We submitted a response to the consultation paper in September 2020. As well as responding to the specific questions raised in the paper, we emphasised:

• Resilience has been at the forefront of everyone’s thinking this year in ways we have never witnessed before. The UK regulators are entitled to feel justified in starting the conversation on this topic ahead of the crisis and bringing about progress within the financial services arena.
• We are supportive of the proposed regulations and the overall objective of building a financial system better able to deal with disruptive events when they occur. As the Covid-19 pandemic demonstrated, the investment management industry has a high level of resiliency built upon many years of ‘business continuity’ planning and developments in part prompted by the earlier discussion paper.
• Firms have benefitted from the regulator’s clear provision of notice and signposting of these changes, given the DP and the clear inclusion of the subject as an important priority in key communications with industry. 
• The application of proportionality in the regulator’s thinking via the focus only on firms who are more likely to have an impact on other parties or market stability is a very welcome move. We do not necessarily agree that using a firms’ SM&CR status as a proxy for this is the most appropriate mechanism, but nevertheless welcome the principle.
• The outcomes-based nature of the proposed regulations are also welcome as firms are best-placed to understand their own internal business models, products and customer types. Additionally, the proposed transitional arrangements allow firms time to make the necessary changes to achieve compliance with their impact tolerances. Such changes may be significant in size especially where IT change is needed, and so this additional time allowance is to be welcomed.
• As the proposed regulations are not prescriptive, there is naturally a lack of explicitness in some areas.
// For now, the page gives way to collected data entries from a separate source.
(* Let $\mathfrak{n}$ be a $2$-step nilpotent real Lie algebra with center $\mathfrak{z}$ such that $\mathfrak{n}'=[\mathfrak{n},\mathfrak{n}]=\mathfrak{z}$ and $\dim\mathfrak{n}'$ is odd. Then every complex structure on $\mathfrak{n}$ is $3$-step.
   Context: A complex structure on a real Lie algebra $\mathfrak{g}$ is a linear map $J:\mathfrak{g}\to\mathfrak{g}$ with $J^2=-I$ and $N_J(x,y):=[x,y]+J([Jx,y]+[x,Jy])-[Jx,Jy]=0$ for all $x,y\in\mathfrak{g}$. Given such $J$, define inductively $\mathfrak{a}_0(J)=0$ and $\mathfrak{a}_\ell(J)=\{x\in\mathfrak{g}: [x,\mathfrak{g}]\subset\mathfrak{a}_{\ell-1}(J)\text{ and }[Jx,\mathfrak{g}]\subset\mathfrak{a}_{\ell-1}(J)\}$ for $\ell\ge1$. $J$ is called nilpotent if $\mathfrak{a}_t(J)=\mathfrak{g}$ for some positive integer $t$, and $t$-step if $t$ is the smallest such integer. A Lie algebra $\mathfrak{n}$ is $2$-step nilpotent if it is non-abelian and $\mathfrak{n}'\subset\mathfrak{z}$. *)

theory Defs
  imports "HOL-Analysis.Analysis"
begin

text \<open>A finite-dimensional real Lie algebra: the underlying space is a
euclidean_space type (every finite-dimensional real vector space is of this form);
the bracket is bilinear, alternating and satisfies the Jacobi identity.\<close>

definition lie_algebra :: "('a::euclidean_space \<Rightarrow> 'a \<Rightarrow> 'a) \<Rightarrow> bool" where
  "lie_algebra br \<longleftrightarrow> bilinear br \<and> (\<forall>x. br x x = 0) \<and>
     (\<forall>x y z. br x (br y z) + br y (br z x) + br z (br x y) = 0)"

definition derived_alg :: "('a::euclidean_space \<Rightarrow> 'a \<Rightarrow> 'a) \<Rightarrow> 'a set" where
  "derived_alg br = span {br x y | x y. True}"

definition center :: "('a::euclidean_space \<Rightarrow> 'a \<Rightarrow> 'a) \<Rightarrow> 'a set" where
  "center br = {x. \<forall>y. br x y = 0}"

definition two_step_nilpotent :: "('a::euclidean_space \<Rightarrow> 'a \<Rightarrow> 'a) \<Rightarrow> bool" where
  "two_step_nilpotent br \<longleftrightarrow> (\<exists>x y. br x y \<noteq> 0) \<and> derived_alg br \<subseteq> center br"

definition complex_structure ::
  "('a::euclidean_space \<Rightarrow> 'a \<Rightarrow> 'a) \<Rightarrow> ('a \<Rightarrow> 'a) \<Rightarrow> bool" where
  "complex_structure br J \<longleftrightarrow> linear J \<and> (\<forall>x. J (J x) = - x) \<and>
     (\<forall>x y. br x y + J (br (J x) y + br x (J y)) - br (J x) (J y) = 0)"

fun asc_series :: "('a::euclidean_space \<Rightarrow> 'a \<Rightarrow> 'a) \<Rightarrow> ('a \<Rightarrow> 'a) \<Rightarrow> nat \<Rightarrow> 'a set" where
  "asc_series br J 0 = {0}"
| "asc_series br J (Suc l) =
     {x. (\<forall>y. br x y \<in> asc_series br J l) \<and> (\<forall>y. br (J x) y \<in> asc_series br J l)}"

definition nilpotent_cs :: "('a::euclidean_space \<Rightarrow> 'a \<Rightarrow> 'a) \<Rightarrow> ('a \<Rightarrow> 'a) \<Rightarrow> bool" where
  "nilpotent_cs br J \<longleftrightarrow> (\<exists>t>0. asc_series br J t = UNIV)"

definition t_step :: "('a::euclidean_space \<Rightarrow> 'a \<Rightarrow> 'a) \<Rightarrow> ('a \<Rightarrow> 'a) \<Rightarrow> nat \<Rightarrow> bool" where
  "t_step br J t \<longleftrightarrow> 0 < t \<and> asc_series br J t = UNIV \<and>
     (\<forall>s. 0 < s \<and> s < t \<longrightarrow> asc_series br J s \<noteq> UNIV)"

end

theory Submission
  imports Defs
begin

text \<open>For a complex structure \<open>J\<close> on a 2-step nilpotent \<open>\<nn>\<close>, the Nijenhuis condition
with a central first argument \<open>u\<close> reads \<open>J [Ju, y] = [Ju, Jy]\<close>, so \<open>[Ju, y]\<close> lies in
\<open>\<aa>\<^sub>1(J) = \<zz> \<inter> J\<zz>\<close>; hence \<open>\<zz> \<subseteq> \<aa>\<^sub>2(J)\<close> and \<open>\<aa>\<^sub>3(J) = \<nn>\<close>.
If \<open>\<aa>\<^sub>2(J) = \<nn>\<close>, then \<open>J\<close> maps \<open>\<nn>'\<close> into \<open>\<zz> = \<nn>'\<close>, and a subspace invariant under a
linear map with \<open>J\<^sup>2 = -1\<close> has even dimension, since \<open>J\<close> has no real eigenvalue.\<close>

lemma linear_image_span_subset:
  assumes "linear J" and "J ` S \<subseteq> span S"
  shows "J ` span S \<subseteq> span S"
  using assms by (metis span_linear_image span_minimal subspace_span)

lemma image_notin_span_insert_if_square_eq_neg:
  fixes J :: "'a::real_vector \<Rightarrow> 'a"
  assumes J: "linear J" "\<And>x. J (J x) = - x"
    and W: "subspace W" "J ` W \<subseteq> W" and v: "v \<notin> W"
  shows "J v \<notin> span (insert v W)"
proof
  assume "J v \<in> span (insert v W)"
  moreover have "span W = W"
    using W(1) by simp
  ultimately obtain c where w: "J v - c *\<^sub>R v \<in> W"
    by (auto simp: span_breakdown_eq)
  define w where "w = J v - c *\<^sub>R v"
  have "w \<in> W" "J w \<in> W"
    using w W(2) by (auto simp: w_def)
  then have "- (J w + c *\<^sub>R w) \<in> W"
    using W(1) by (meson subspace_add subspace_neg subspace_scale)
  moreover have "J w = - v - c *\<^sub>R (w + c *\<^sub>R v)"
    using J by (simp add: w_def linear_diff linear_scale)
  then have "- (J w + c *\<^sub>R w) = (1 + c\<^sup>2) *\<^sub>R v"
    by (simp only:) (simp add: algebra_simps power2_eq_square)
  ultimately have "inverse (1 + c\<^sup>2) *\<^sub>R (1 + c\<^sup>2) *\<^sub>R v \<in> W"
    using W(1) subspace_scale by metis
  moreover have "1 + c\<^sup>2 \<noteq> 0"
    using zero_le_power2[of c] by linarith
  ultimately show False
    using v by simp
qed

lemma invariant_subspace_extend_by_two:
  fixes J :: "'a::euclidean_space \<Rightarrow> 'a"
  assumes J: "linear J" "\<And>x. J (J x) = - x"
    and V: "subspace V" "J ` V \<subseteq> V"
    and W: "subspace W" "J ` W \<subseteq> W" "W \<subset> V"
  obtains W' where "subspace W'" "J ` W' \<subseteq> W'" "W' \<subseteq> V" "dim W' = dim W + 2"
proof -
  obtain v where v: "v \<in> V" "v \<notin> W"
    using W(3) by blast
  let ?S = "insert (J v) (insert v W)"
  show thesis
  proof (rule that[of "span ?S"])
    have "J ` ?S \<subseteq> span ?S"
      using J(2) W(2) by (auto intro: span_base span_neg)
    then show "J ` span ?S \<subseteq> span ?S"
      by (rule linear_image_span_subset[OF J(1)])
    show "span ?S \<subseteq> V"
      using V v W(3) by (intro span_minimal) auto
    have "v \<notin> span W"
      using v W(1) by (metis span_eq_iff)
    then show "dim (span ?S) = dim W + 2"
      using image_notin_span_insert_if_square_eq_neg[OF J W(1,2) v(2)] by (simp add: dim_insert)
  qed simp
qed

lemma even_dim_diff_invariant_subspaces:
  fixes J :: "'a::euclidean_space \<Rightarrow> 'a"
  assumes J: "linear J" "\<And>x. J (J x) = - x"
    and V: "subspace V" "J ` V \<subseteq> V"
    and W: "subspace W" "J ` W \<subseteq> W" "W \<subseteq> V"
  shows "even (dim V - dim W)"
  using W
proof (induction "dim V - dim W" arbitrary: W rule: less_induct)
  case less
  show ?case
  proof (cases "W = V")
    case False
    then obtain W' where W': "subspace W'" "J ` W' \<subseteq> W'" "W' \<subseteq> V" "dim W' = dim W + 2"
      using invariant_subspace_extend_by_two[OF J V] less.prems by blast
    have "dim W' \<le> dim V"
      using W'(3) by (rule dim_subset)
    then have "even (dim V - dim W')"
      using less.hyps[OF _ W'(1-3)] W'(4) by simp
    then show ?thesis
      using W'(4) \<open>dim W' \<le> dim V\<close> by simp
  qed simp
qed

lemma even_dim_invariant_subspace:
  fixes J :: "'a::euclidean_space \<Rightarrow> 'a"
  assumes "linear J" "\<And>x. J (J x) = - x" "subspace V" "J ` V \<subseteq> V"
  shows "even (dim V)"
  using even_dim_diff_invariant_subspaces[OF assms, of "{0}"] assms(1,3)
  by (simp add: subspace_0 linear_0)

lemma bracket_in_derived_alg: "br x y \<in> derived_alg br"
  unfolding derived_alg_def by (rule span_base) blast

lemma asc_series_one: "asc_series br J 1 = {x. x \<in> center br \<and> J x \<in> center br}"
  by (simp add: center_def)

lemma asc_series_Suc_eq_UNIV_iff:
  "asc_series br J (Suc l) = UNIV \<longleftrightarrow> (\<forall>x y. br x y \<in> asc_series br J l)"
  by auto

lemma center_subset_asc_series_two:
  assumes "lie_algebra br" "derived_alg br \<subseteq> center br" "complex_structure br J"
  shows "center br \<subseteq> asc_series br J 2"
proof
  fix u assume u: "u \<in> center br"
  have bracket_central: "br x y \<in> center br" for x y
    using assms(2) bracket_in_derived_alg by blast
  have zero: "0 \<in> asc_series br J 1"
    using assms(1,3)
    by (simp add: asc_series_one center_def lie_algebra_def complex_structure_def
        bilinear_lzero linear_0)
  have "br (J u) y \<in> asc_series br J 1" for y
  proof -
    have "br u y + J (br (J u) y + br u (J y)) - br (J u) (J y) = 0"
      using assms(3) by (simp add: complex_structure_def)
    moreover have "br u y = 0" "br u (J y) = 0"
      using u by (simp_all add: center_def)
    ultimately have "J (br (J u) y) = br (J u) (J y)"
      by simp
    then show ?thesis
      unfolding asc_series_one using bracket_central by simp
  qed
  moreover have "br u y \<in> asc_series br J 1" for y
    using u zero by (simp add: center_def)
  ultimately show "u \<in> asc_series br J 2"
    by (simp add: numeral_2_eq_2)
qed

lemma asc_series_three_eq_UNIV:
  assumes "lie_algebra br" "derived_alg br \<subseteq> center br" "complex_structure br J"
  shows "asc_series br J 3 = UNIV"
proof -
  have "br x y \<in> asc_series br J 2" for x y
    using center_subset_asc_series_two[OF assms] assms(2) bracket_in_derived_alg by blast
  then show ?thesis
    using asc_series_Suc_eq_UNIV_iff[of br J 2] by (simp add: numeral_3_eq_3)
qed

lemma asc_series_one_neq_UNIV:
  assumes "br x y \<noteq> 0"
  shows "asc_series br J 1 \<noteq> UNIV"
  using assms by (auto simp: asc_series_one center_def)

lemma derived_alg_invariant_if_asc_series_two_eq_UNIV:
  assumes "asc_series br J 2 = UNIV" "linear J" "derived_alg br = center br"
  shows "J ` derived_alg br \<subseteq> derived_alg br"
proof -
  have "br x y \<in> asc_series br J 1" for x y
    using assms(1) by (metis asc_series_Suc_eq_UNIV_iff Suc_1)
  then have "J (br x y) \<in> derived_alg br" for x y
    unfolding asc_series_one assms(3) by blast
  then show ?thesis
    unfolding derived_alg_def by (intro linear_image_span_subset[OF assms(2)]) auto
qed

theorem mainTheorem7:
  fixes br :: "'a::euclidean_space \<Rightarrow> 'a \<Rightarrow> 'a"
  assumes "lie_algebra br"
    and "two_step_nilpotent br"
    and "derived_alg br = center br"
    and "odd (dim (derived_alg br))"
  shows "\<forall>J. complex_structure br J \<longrightarrow> t_step br J 3"
proof (intro allI impI)
  fix J assume cs: "complex_structure br J"
  then have J: "linear J" "\<And>x. J (J x) = - x"
    by (simp_all add: complex_structure_def)
  obtain x y where "br x y \<noteq> 0"
    using assms(2) by (auto simp: two_step_nilpotent_def)
  then have "asc_series br J 1 \<noteq> UNIV"
    by (rule asc_series_one_neq_UNIV)
  moreover have "asc_series br J 2 \<noteq> UNIV"
  proof
    assume "asc_series br J 2 = UNIV"
    then have "J ` derived_alg br \<subseteq> derived_alg br"
      using J(1) assms(3) by (rule derived_alg_invariant_if_asc_series_two_eq_UNIV)
    then have "even (dim (derived_alg br))"
      using J by (intro even_dim_invariant_subspace) (simp_all add: derived_alg_def)
    then show False
      using assms(4) by simp
  qed
  moreover have "asc_series br J 3 = UNIV"
    using assms(1,3) cs by (intro asc_series_three_eq_UNIV) simp_all
  ultimately show "t_step br J 3"
    unfolding t_step_def by (metis One_nat_def Suc_1 less_Suc_eq numeral_3_eq_3 not_less0)
qed

end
As we have shown, we are keen to continue to work with you on supporting our members by establishing best practices guidelines in areas such as the definition of investment-sector specific business services.
• Finally, we do not agree with the draft requirement that time duration is always a measure within impact tolerances. We explain that there are areas where other metrics are more appropriate, and believe that if firms are able to demonstrate this, they should have the ability to choose another metric as the measurement.

Blog Posts

We have compiled a series of blog posts:

Operational resilience through the COVID-19 lens - launching our updated Important Business Services guidance.

Remotely Busy - Operational Resilience During COVID-19 looking at some of the key resiliency themes experienced by members during this health emergency.

Webinars

• July 2020: The Future of Fund Operations
• June 2020: Operational Resilience in FinTech
• June 2020: iNED: Operational resilience
• June 2020: Operational Resilience: Maintaining client service and engagement
• April 2020: COVID-19 Operational Resilience

Discussion Paper

The joint regulators issued a discussion paper in July 2018. In summary, the regulators believe that firms can achieve better operational resilience by focusing more on setting, monitoring and testing specific impact tolerances for key business services. These define how much disruption can be tolerated. Important concepts in the paper include:

• focusing on the continuity of the most important business services as an essential component of managing operational resilience;
• setting board-approved impact tolerances, which quantify the level of disruption that can be tolerated;
• planning that assumes disruption will occur, as well as seeking to prevent it.